Globs
More often than not, the loops that you would want to write in the shell are intended to apply an operation to many files, and those files can be all in the same directory, or scattered throughout many directories.
Shell languages (like Bash) have a feature called “globbing” that can
help with quickly getting a list of files to operate on in something
like a loop in a more reliable (and arguably easier!) way than using
find.
Why “glob”?
Apparently it’s short for “global”. I definitely don’t pronounce “glob” as “globe” (as in “global”), I pronounce it as in “glob” like a glob of jam.
Simple globs
The simplest glob in a shell is the * character. This
glob “expands” to all files in the current directory that are not
hidden.
If you have the following files in your current directory:
ls -a. .. .gitignore hello.md hello.docx script.sh
Then the * glob would “expand” to
hello.md hello.docx script.sh:
echo * # prints out the names of all
# files and folders in this directoryhello.md hello.docx script.sh
This actually means that the echo program was run with
three arguments, not just one. Before the shell launches the
echo program, it effectively replaces the * in
the command line with hello.md hello.docx script.sh.
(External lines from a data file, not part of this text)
definition greedy_choice :: "nat \<Rightarrow> nat \<Rightarrow> (restr \<Rightarrow> hyp) \<Rightarrow> nat \<Rightarrow> sample \<Rightarrow> restr" where
  "greedy_choice n d H s S =
     (SOME \<rho>. \<rho> \<in> candidates n d s S \<and>
        (\<forall>\<rho>2 \<in> candidates n d s S. sample_error (H \<rho>) (restrict_sample \<rho> S)
                                     \<le> sample_error (H \<rho>2) (restrict_sample \<rho>2 S)))"

lemma fsl_loop_Suc:
  "fsl_loop n d H ea s Stest (Suc k) Srem L =
     (if real (length Srem) / real (length Stest) \<le> ea then L
      else let \<rho> = greedy_choice n d H s Srem
           in fsl_loop n d H ea s Stest k (filter (\<lambda>(x, y). \<not> in_restr x \<rho>) Srem) (L @ [\<rho>]))"
  by (simp add: Let_def greedy_choice_def candidates_def)

lemma greedy_choice_minimal:
  assumes "candidates n d s S \<noteq> {}"
  shows "greedy_choice n d H s S \<in> candidates n d s S"
    and "\<rho> \<in> candidates n d s S \<Longrightarrow>
         sample_error (H (greedy_choice n d H s S)) (restrict_sample (greedy_choice n d H s S) S)
         \<le> sample_error (H \<rho>) (restrict_sample \<rho> S)"
proof -
  let ?err = "\<lambda>\<rho>. sample_error (H \<rho>) (restrict_sample \<rho> S)"
  have "finite (candidates n d s S)"
    using finite_restrs by (simp add: candidates_def)
  then have "\<exists>\<rho>. \<rho> \<in> candidates n d s S \<and> (\<forall>\<rho>2 \<in> candidates n d s S. ?err \<rho> \<le> ?err \<rho>2)"
    using arg_min_if_finite[OF _ assms, of ?err] by (meson not_le order_less_imp_le)
  from someI_ex[OF this] show "greedy_choice n d H s S \<in> candidates n d s S"
    and "\<rho> \<in> candidates n d s S \<Longrightarrow> ?err (greedy_choice n d H s S) \<le> ?err \<rho>"
    unfolding greedy_choice_def by blast+
qed

lemma sample_error_restrict_sample:
  "sample_error (H \<rho>) (restrict_sample \<rho> S) =
   real (subcube_mistakes H \<rho> S) / real (length (restrict_sample \<rho> S))"
proof -
  have "filter (\<lambda>(x, y). H \<rho> x \<noteq> y) (restrict_sample \<rho> S) = filter (\<lambda>(x, y). in_restr x \<rho> \<and> H \<rho> x \<noteq> y) S"
    unfolding restrict_sample_def by (simp add: filter_filter case_prod_unfold conj_commute)
  then show ?thesis
    by (simp add: sample_error_def subcube_mistakes_def)
qed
Write your own shell script that prints out what its arguments are
using the numbered argument variables ($1 $2 $3…) to see
how a simple glob expands in different directories.
Advanced globs
Simple globs are the ones you will use most often because you usually want to do something to everything in the current directory. But simple globs are not the only kind of globs. Let’s look at two other kinds of globs:
- Begins-with, ends-with, or contains globs
- Directory globs
Begins-with, ends-with, or contains globs
If you remember way back to fortnight 5 in
COMP 1002, you learned about a program named grep that
could be used to filter lines from a file based on a pattern that you
provided. The patterns that you gave to grep also
use the * symbol to indicate “anything”, but we saw that
you could put the * anywhere within a string.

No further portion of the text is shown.